Кто-то взял ее под руки, хотел поднять, но она сама поднялась. Увидела, что смотрят на нее, и застыдилась; по мертвому, мертвее, чем у мертвой, лицу ее пробежала тень виноватой улыбки. Быстро опустила покров на лицо и, когда шествие тронулось дальше, пошла за ним твердым шагом.
V
Солнце уже всходило, когда поднялись к стене, сложенной из таких огромных каменных глыб, что они казались нагроможденными нечеловеческой силой, – святой ограде Матери. В стене были низкие ворота; на челе их – треугольный глыбе, целой скале – стояли на задних лапах две львицы, такие же, как в Дииной часовенке, и между ними каменный столп, древнейшее знаменье Матери – твердыня твердынь, держава держав, Мать Гора, соединяющая небо с землею.

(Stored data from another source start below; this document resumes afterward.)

(* Let $R$ be a commutative ring and $\mathcal A$ an $R$-algebra whose structure map $R\to\mathcal A$ is injective (so $R\subseteq\mathcal A$). Then $\mathcal A$ is a strongly simple $R$-algebra if and only if the following three statements hold: (i) $R$ is an integral domain; (ii) $\mathcal A\simeq K_R$ as $R$-algebras; (iii) $K_R$ as an $R$-algebra is strongly simple.
   Context: Algebras are associative, unital and nonzero. $K_R$ denotes the field of fractions of an integral domain $R$. An $R$-submodule $M$ of $\mathcal A$ is a (two-sided) Mathieu subspace if whenever $a\in\mathcal A$ satisfies $a^m\in M$ for all $m\ge1$, then for all $b,c\in\mathcal A$ there is $N$ with $ba^mc\in M$ for all $m\ge N$. $\mathcal A$ is a strongly simple $R$-algebra if its only Mathieu subspaces are $0$ and $\mathcal A$. *)

theory Defs
  imports "HOL-Algebra.Algebra"
begin

definition is_algebra :: "('r, 'm) ring_scheme \<Rightarrow> ('a, 'n) ring_scheme \<Rightarrow> ('r \<Rightarrow> 'a) \<Rightarrow> bool" where
  "is_algebra R A phi \<longleftrightarrow> cring R \<and> ring A \<and> phi \<in> ring_hom R A \<and>
     (\<forall>r\<in>carrier R. \<forall>x\<in>carrier A. phi r \<otimes>\<^bsub>A\<^esub> x = x \<otimes>\<^bsub>A\<^esub> phi r)"
lemma chain_points_1: "chain_points r 1 = (\<lambda>e j. if j = 1 then e else 0) ` {0..<int r}"
proof (intro equalityI subsetI)
  fix a assume "a \<in> chain_points r 1"
  then have "\<forall>j. j \<noteq> 1 \<longrightarrow> a j = 0" "0 \<le> a 1" "a 1 < int r" by (auto simp: chain_points_def)
  then show "a \<in> (\<lambda>e j. if j = 1 then e else 0) ` {0..<int r}"
    by (intro image_eqI[of _ _ "a 1"]) auto
qed (auto simp: chain_points_def)

lemma finite_chain_points:
  assumes r: "0 < r"
  shows "finite (chain_points r (Suc n))"
proof (induction n)
  case (Suc n)
  have "chain_points r (Suc (Suc n)) \<subseteq> (\<Union>E<Suc (Suc n) * r. chain_extend r (Suc n) E ` chain_points r (Suc n))"
  proof
    fix b assume b: "b \<in> chain_points r (Suc (Suc n))"
    define E where "E = nat (b (Suc (Suc n)) mod int (Suc (Suc n) * r))"
    have "0 < int (Suc (Suc n) * r)" using r by (simp only: of_nat_0_less_iff) simp
    then have E: "E < Suc (Suc n) * r" "int E = b (Suc (Suc n)) mod int (Suc (Suc n) * r)"
      unfolding E_def by (simp_all add: nat_less_iff)
    then have "b \<in> chain_extend r (Suc n) E ` {a \<in> chain_points r (Suc n). residue_gap r (Suc n) E a \<noteq> 0}"
      using chain_points_Suc_residue_eq_image[of "Suc n" r E] b r by auto
    then show "b \<in> (\<Union>E<Suc (Suc n) * r. chain_extend r (Suc n) E ` chain_points r (Suc n))"
      using E(1) by blast
  qed
  moreover have "finite (\<Union>E<Suc (Suc n) * r. chain_extend r (Suc n) E ` chain_points r (Suc n))"
    using Suc.IH by simp
  ultimately show ?case by (rule finite_subset)
qed (use chain_points_1[of r] in simp)

definition lattice_class_sum :: "nat \<Rightarrow> real \<Rightarrow> nat \<Rightarrow> nat \<Rightarrow> real" where
  "lattice_class_sum r z N E =
     (\<Sum>a\<in>{a \<in> chain_points r N. a N mod int (N * r) = int E}. z ^ nat (a N div int (N * r)))"

lemma sum_by_residue:
  assumes N: "1 \<le> N" and r: "0 < r"
  shows "(\<Sum>a\<in>chain_points r N. f (nat (a N mod int (N * r))) * z ^ nat (a N div int (N * r)))
       = (\<Sum>E<N * r. f E * lattice_class_sum r z N E)"
proof -
  have R: "0 < int (N * r)" using N r by simp
  have "finite (chain_points r N)" using finite_chain_points[OF r, of "N - 1"] N by simp
  then have "(\<Sum>a\<in>chain_points r N. f (nat (a N mod int (N * r))) * z ^ nat (a N div int (N * r)))
      = (\<Sum>E<N * r. \<Sum>a\<in>{a \<in> chain_points r N. nat (a N mod int (N * r)) = E}.
          f (nat (a N mod int (N * r))) * z ^ nat (a N div int (N * r)))"
    using R by (intro sum.group[symmetric]) (auto simp: nat_less_iff)
  also have "\<dots> = (\<Sum>E<N * r. f E * lattice_class_sum r z N E)"
    unfolding lattice_class_sum_def sum_distrib_left using R
    by (intro sum.cong refl) (auto intro!: sum.cong)
  finally show ?thesis .
qed

lemma lattice_class_sum_1: "E < r \<Longrightarrow> lattice_class_sum r z 1 E = lattice_transfer r z 0 E"
proof -
  assume E: "E < r"
  have "{a \<in> chain_points r 1. a 1 mod int (1 * r) = int E} = {(\<lambda>j. if j = 1 then int E else 0)}"
    using E unfolding chain_points_1 by auto
  then show ?thesis using E by (simp add: lattice_class_sum_def)
qed

lemma transfer_weight_residue_gap:
  assumes "0 < N * r"
  shows "transfer_weight z (E * N) (nat (a N mod int (N * r)) * Suc N) =
    (if residue_gap r N E a = 0 then 0 else if residue_gap r N E a < 0 then z else 1)"
proof -
  have "int (nat (a N mod int (N * r)) * Suc N) = (a N mod int (N * r)) * int (Suc N)"
    using assms by (simp add: algebra_simps)
  then have "E * N = nat (a N mod int (N * r)) * Suc N \<longleftrightarrow> residue_gap r N E a = 0"
    and "E * N < nat (a N mod int (N * r)) * Suc N \<longleftrightarrow> residue_gap r N E a < 0"
    unfolding residue_gap_def by (metis of_nat_eq_iff of_nat_mult eq_iff_diff_eq_0,
        metis of_nat_less_iff of_nat_mult diff_less_0_iff_less)
  then show ?thesis by (simp add: transfer_weight_def)
qed

lemma lattice_class_sum_Suc:
  assumes N: "1 \<le> N" and r: "0 < r" and E: "E < Suc N * r"
  shows "lattice_class_sum r z (Suc N) E =
    (\<Sum>E'<N * r. transfer_weight z (E * N) (E' * Suc N) * lattice_class_sum r z N E')"
proof -
  define S where "S = {a \<in> chain_points r N. residue_gap r N E a \<noteq> 0}"
  let ?w = "\<lambda>a. transfer_weight z (E * N) (nat (a N mod int (N * r)) * Suc N)"
  let ?q = "\<lambda>a. nat (a N div int (N * r))"
  have R: "0 < N * r" using N r by simp
  have fin: "finite (chain_points r N)" using finite_chain_points[OF r, of "N - 1"] N by simp
  have inj: "inj_on (chain_extend r N E) S"
    using inj_on_chain_extend by (rule inj_on_subset) (auto simp: S_def)
  have weight: "z ^ nat (chain_extend r N E a (Suc N) div int (Suc N * r)) = ?w a * z ^ ?q a"
    if "a \<in> S" for a
  proof -
    have "0 \<le> a N" using chain_points_nonneg[of a r N N] that N by (simp add: S_def)
    then have "0 \<le> a N div int (N * r)" using R by (simp add: pos_imp_zdiv_nonneg_iff)
    then show ?thesis
      using that unfolding chain_extend_last(2)[OF E] transfer_weight_residue_gap[OF R]
      by (simp add: S_def nat_add_distrib)
  qed
  have vanish: "?w a = 0" if "a \<in> chain_points r N - S" for a
    using that unfolding transfer_weight_residue_gap[OF R] by (simp add: S_def)
  have "lattice_class_sum r z (Suc N) E =
      (\<Sum>b\<in>chain_extend r N E ` S. z ^ nat (b (Suc N) div int (Suc N * r)))"
    unfolding lattice_class_sum_def S_def chain_points_Suc_residue_eq_image[OF N r E] ..
  also have "\<dots> = (\<Sum>a\<in>S. z ^ nat (chain_extend r N E a (Suc N) div int (Suc N * r)))"
    by (rule sum.reindex[OF inj, unfolded comp_def])
  also have "\<dots> = (\<Sum>a\<in>S. ?w a * z ^ ?q a)"
    by (rule sum.cong[OF refl weight])
  also have "\<dots> = (\<Sum>a\<in>chain_points r N. ?w a * z ^ ?q a)"
    by (rule sum.mono_neutral_left) (use fin vanish in \<open>auto simp: S_def\<close>)
  also have "\<dots> = (\<Sum>E'<N * r. transfer_weight z (E * N) (E' * Suc N) * lattice_class_sum r z N E')"
    by (rule sum_by_residue[OF N r])
  finally show ?thesis .
qed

Пройдя через ворота, поднялись по вырубленным в скале ступеням на высокий холм, далеко вдававшийся в море уступ Кэратийских гор.
Утро было ясное. Вчерашняя муть рассеялась. На западе, над рядами туманно-голубых вершин, реяла снежная Ида, розово-белая, девственно-чистая, как сама непорочная Дева-Мать. На севере, ветрено- мглистое, темно-фиолетовым огнем горящее море дымилось белыми дымами – пенами волн. А внизу, на великой Кносской равнине, в черно-зеленом кольце кипарисовых рощ белел, как только что выпавший снег или разостланные по полю холсты белильщиков, белокаменный город-дворец, жилище бога Быка, Лабиринт.
На плоском темени холма сложен был из грубо отесанных камней широкий и низкий жертвенник жертв человеческих. Над ним возвышался костер. На него положили тело Эойи.
Дио вздрогнула и отшатнулась, когда мать Анаита подала ей факел. Но потом взяла его и первая зажгла костер.
Флейты заплакали, хор запел:
Костер запылал, и в бушующем пламени мертвая кукла вдруг зашевелилась, как живая. Дио закрыла глаза, чтобы не видеть, а когда снова открыла их, все исчезло в пламени.
«Жертву, тобой уготованную, принял бог», – вспомнила она слова Анаиты и подумала: «Да, кровь ее на мне, ее убила я!»
И так же, как тогда на Горе, все закружилось в глазах ее, поплыл кровавый туман, и вспыхнул в нем ослепительно-белый, как солнце, огненный Крест.
Крест
I
Вернувшись домой, Дио легла на ложе в палате очага, повернулась лицом к стене, укрылась с головой и пролежала так весь день. Зенра иногда входила в комнату на цыпочках, прислушивалась, не плачет ли; нет, лежала тихо, как мертвая.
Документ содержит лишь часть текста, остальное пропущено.